Jim,
In a NAT configuration, the primary bottleneck is the return traffic.
Web traffic tends to be very asymmetrical (the ratio between incoming and
outgoing traffic may be as high as 1:50 and the front-end server has to
process all return traffic).
With DR, the bottleneck will be the incoming NIC. (Probably the
number of packets the driver can receive). I expect this to be
as high as 10-12K requests per second on a 100Mb line, with
a reasonable NIC/driver. DR has some limitations,
but it is clearly the fastest way to go.
The stack will not make a big difference, as most LVS processing
happens in the kernel, just above the driver layer.
/sG
-----Original Message-----
From: Feldman, Jim [mailto:Jim.Feldman@xxxxxxxxxx]
Sent: Monday, March 19, 2001 2:39 PM
To: 'lvs-users@xxxxxxxxxxxxxxxxxxxxxx'
Subject: RE: Coyote Point Load Balancer
The current (probably April 2001) issue of Linux Journal has an article from
a pair of Erikson engineers who were looking at using LVS to front end a
bunch of diskless web servers. They only tried NAT in the article, and on a
500mhz pIII got about 1700-1800 connections per second before it topped out
(tested using Web Bench). Direct connection to the servers yielded around
8000 connects/sec. What wasn't clear was where the bottleneck was. Would a
Ghz class pIII double the throughput, would better NIC's help, is there a
limitation of the Linux stack? They were going to try the DR mode, but
hadn't by press time. I believe they were using the stock 6.2 RedHat
Piranha dist.

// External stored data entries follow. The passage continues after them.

lemma riccati_explicit_solution:
  assumes "0 \<le> u\<^sub>0"
  shows "is_solution riccati tau (\<lambda>t. u\<^sub>0 / (1 + u\<^sub>0 * t) - 1/2)"
  unfolding is_solution_def
proof
  fix t assume "t \<in> dom_int tau"
  then have pos: "0 < 1 + u\<^sub>0 * t" using assms unfolding dom_int_def by (simp add: add_pos_nonneg)
  have "((\<lambda>t. u\<^sub>0 / (1 + u\<^sub>0 * t) - 1/2) has_real_derivative - ((u\<^sub>0 / (1 + u\<^sub>0 * t))^2)) (at t)"
    using pos by (auto intro!: derivative_eq_intros simp: power2_eq_square)
  then show "((\<lambda>t. u\<^sub>0 / (1 + u\<^sub>0 * t) - 1/2) has_real_derivative
              riccati t (u\<^sub>0 / (1 + u\<^sub>0 * t) - 1/2)) (at t within dom_int tau)"
    by (simp add: riccati_eq has_field_derivative_at_within)
qed

lemma riccati_solution_escapes_below:
  assumes x: "is_solution riccati \<infinity> x" and "0 < b"
  shows "\<exists>t\<ge>0. x t < b - 1/2"
proof (rule ccontr)
  assume "\<not> ?thesis"
  then have above: "b - 1/2 \<le> x t" if "0 \<le> t" for t using that by force
  have D: "dom_int \<infinity> = {0..}" unfolding dom_int_def by auto
  define T where "T = 2 * (x 0 + 1 - b) / b^2"
  have "0 \<le> T" using above[of 0] \<open>0 < b\<close> unfolding T_def by simp
  have "x T + b^2/2 * T \<le> x 0 + b^2/2 * 0"
  proof (rule dom_int_le_if_deriv_neg_above[where tau = \<infinity> and w = "\<lambda>t. x t + b^2/2 * t"
        and w' = "\<lambda>t. riccati t (x t) + b^2/2"])
    show "((\<lambda>t. x t + b^2/2 * t) has_real_derivative riccati t (x t) + b^2/2)
            (at t within dom_int \<infinity>)" if "t \<in> dom_int \<infinity>" for t
      using x that unfolding is_solution_def by (auto intro!: derivative_eq_intros)
    show "riccati t (x t) + b^2/2 < 0" if "t \<in> dom_int \<infinity>" for t
    proof -
      have "b^2 \<le> (x t + 1/2)^2"
        using above[of t] that \<open>0 < b\<close> D by (intro power_mono) auto
      moreover have "0 < b^2" using \<open>0 < b\<close> by simp
      ultimately show ?thesis unfolding riccati_eq by linarith
    qed
  qed (use \<open>0 \<le> T\<close> D in auto)
  moreover have "b^2/2 * T = x 0 + 1 - b" using \<open>0 < b\<close> unfolding T_def by simp
  ultimately show False using above[OF \<open>0 \<le> T\<close>] by simp
qed

lemma riccati_not_cond_lip_shadowing:
  "\<not> cond_lip_shadowing riccati {-1/2..1/2}"
proof
  assume "cond_lip_shadowing riccati {-1/2..1/2}"
  then obtain eps0 kappa where "0 < eps0" "0 < kappa" and shadow: "\<And>eps tau y y'.
        0 < eps \<Longrightarrow> eps \<le> eps0 \<Longrightarrow> 0 < tau \<Longrightarrow>
        pseudosolution riccati tau y y' \<Longrightarrow> sigma riccati tau y y' \<le> eps \<Longrightarrow>
        (\<forall>t\<in>dom_int tau. y t \<in> {-1/2..1/2}) \<Longrightarrow>
        \<exists>x. is_solution riccati tau x \<and> (\<forall>t\<in>dom_int tau. \<bar>x t - y t\<bar> \<le> kappa * eps)"
    unfolding cond_lip_shadowing_def by blast
  define d where "d = min (min 1 eps0) (1 / (2 * kappa))"
  have "d \<le> 1 / (2 * kappa)" unfolding d_def by simp
  then have "kappa * d \<le> 1/2" using \<open>0 < kappa\<close> by (simp add: field_simps)
  moreover have "0 < d" "d \<le> 1" "d \<le> eps0"
    using \<open>0 < eps0\<close> \<open>0 < kappa\<close> unfolding d_def by auto
  ultimately have d: "0 < d" "d \<le> 1" "d \<le> eps0" "kappa * d \<le> 1/2" by auto
  have "d^2 \<le> d" using d by (simp add: power2_eq_square mult_le_cancel_left1)
  then have "d^2 \<le> eps0" using d by linarith
  have "kappa * d^2 \<le> d / 2"
    using mult_right_mono[OF d(4), of d] d(1) by (simp add: power2_eq_square algebra_simps)
  have const: "riccati t (d - 1/2) = - (d^2)" for t by (simp add: riccati_eq)
  have "pseudosolution riccati \<infinity> (\<lambda>_. d - 1/2) (\<lambda>_. 0)"
    and "sigma riccati \<infinity> (\<lambda>_. d - 1/2) (\<lambda>_. 0) \<le> d^2"
    using pseudosolution_const[of \<infinity> riccati "d - 1/2" "- (d^2)"] const by simp_all
  moreover have "\<forall>t\<in>dom_int \<infinity>. d - 1/2 \<in> {-1/2..1/2::real}" using d by simp
  ultimately have "\<exists>x. is_solution riccati \<infinity> x \<and>
                      (\<forall>t\<in>dom_int \<infinity>. \<bar>x t - (d - 1/2)\<bar> \<le> kappa * d^2)"
    using d \<open>d^2 \<le> eps0\<close> by (intro shadow) simp_all
  then obtain x where x: "is_solution riccati \<infinity> x"
    and close: "\<And>t. t \<in> dom_int \<infinity> \<Longrightarrow> \<bar>x t - (d - 1/2)\<bar> \<le> kappa * d^2"
    by blast
  have "d/2 - 1/2 \<le> x t" if "0 \<le> t" for t
    using close[of t] that \<open>kappa * d^2 \<le> d / 2\<close> unfolding dom_int_def by auto
  then show False using riccati_solution_escapes_below[OF x, of "d/2"] d(1) by fastforce
qed

lemma riccati_cond_lip_shadowing:
  assumes "0 < rho" "rho < 1/2"
  shows "cond_lip_shadowing riccati {-rho..rho}"
proof -
  define a where "a = 1/2 - rho"
  have "0 < a" using assms unfolding a_def by simp
  have "\<forall>eps tau y y'. 0 < eps \<and> eps \<le> 1 \<and> 0 < tau \<and> pseudosolution riccati tau y y' \<and>
          sigma riccati tau y y' \<le> eps \<and> (\<forall>t\<in>dom_int tau. y t \<in> {-rho..rho}) \<longrightarrow>
          (\<exists>x. is_solution riccati tau x \<and> (\<forall>t\<in>dom_int tau. \<bar>x t - y t\<bar> \<le> 1 / a * eps))"
  proof (intro allI impI, elim conjE)
    fix eps tau y y'
    assume "0 < eps" "eps \<le> 1" "0 < tau" and y: "pseudosolution riccati tau y y'"
      and "sigma riccati tau y y' \<le> eps" and H: "\<forall>t\<in>dom_int tau. y t \<in> {-rho..rho}"
    have "0 \<in> dom_int tau" using \<open>0 < tau\<close> unfolding dom_int_def by (simp add: zero_ereal_def)
    have ya: "a \<le> y t + 1/2" if "t \<in> dom_int tau" for t using H that unfolding a_def by force
    define x where "x t = (y 0 + 1/2) / (1 + (y 0 + 1/2) * t) - 1/2" for t
    have x: "is_solution riccati tau x"
      unfolding x_def[abs_def] using ya[OF \<open>0 \<in> dom_int tau\<close>] \<open>0 < a\<close>
      by (intro riccati_explicit_solution) simp
    have "\<bar>x t - y t\<bar> \<le> eps / a" if t: "t \<in> dom_int tau" for t
    proof (rule dissipative_shadowing[OF x y _ _ \<open>0 < a\<close> _ _ t])
      show "\<bar>y' s - riccati s (y s)\<bar> \<le> eps" if "s \<in> dom_int tau" for s
        using pseudosolution_defect_le_sigma[OF y that] \<open>sigma riccati tau y y' \<le> eps\<close> by simp
      show "(riccati s (x s) - riccati s (y s)) * (x s - y s) \<le> - a * (x s - y s)^2"
        if s: "s \<in> dom_int tau" for s
      proof -
        have "0 < 1 + (y 0 + 1/2) * s"
          using ya[OF \<open>0 \<in> dom_int tau\<close>] \<open>0 < a\<close> s unfolding dom_int_def
          by (simp add: add_pos_nonneg)
        then have "0 < x s + 1/2" using ya[OF \<open>0 \<in> dom_int tau\<close>] \<open>0 < a\<close> by (simp add: x_def)
        then have "a * (x s - y s)^2 \<le> (x s + y s + 1) * (x s - y s)^2"
          using ya[OF s] by (intro mult_right_mono) auto
        moreover have "(riccati s (x s) - riccati s (y s)) * (x s - y s)
                         = - ((x s + y s + 1) * (x s - y s)^2)"
          by (simp add: riccati_eq power2_eq_square algebra_simps)
        ultimately show ?thesis unfolding mult_minus_left by linarith
      qed
    next
      show "x 0 = y 0" by (simp add: x_def)
    next
      show "0 \<le> eps" using \<open>0 < eps\<close> by simp
    qed
    with x show "\<exists>x. is_solution riccati tau x \<and> (\<forall>t\<in>dom_int tau. \<bar>x t - y t\<bar> \<le> 1 / a * eps)"
      by auto
  qed
  moreover have "{-rho..rho} \<noteq> {}" using assms by simp
  ultimately show ?thesis
    unfolding cond_lip_shadowing_def using \<open>0 < a\<close>
    by (intro conjI exI[of _ "1::real"] exI[of _ "1/a"]) simp_all
qed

The 2.4 kernel is reputed to have a more efficient network
stack, does anyone have a feel for the amount of perf improvement for LVS
(understanding that Web Bench is a benchmark and nothing more)?
jim
-----Original Message-----
From: Steve Gonczi [mailto:Steve.Gonczi@xxxxxxxxxxxxxxxxxx]
Sent: Monday, March 19, 2001 9:01 AM
To: 'lvs-users@xxxxxxxxxxxxxxxxxxxxxx'
Subject: RE: Coyote Point Load Balancer
I took a quick look.
Seems like a low-end solution. (8000000 connections per hour
works out to 2k connections per second).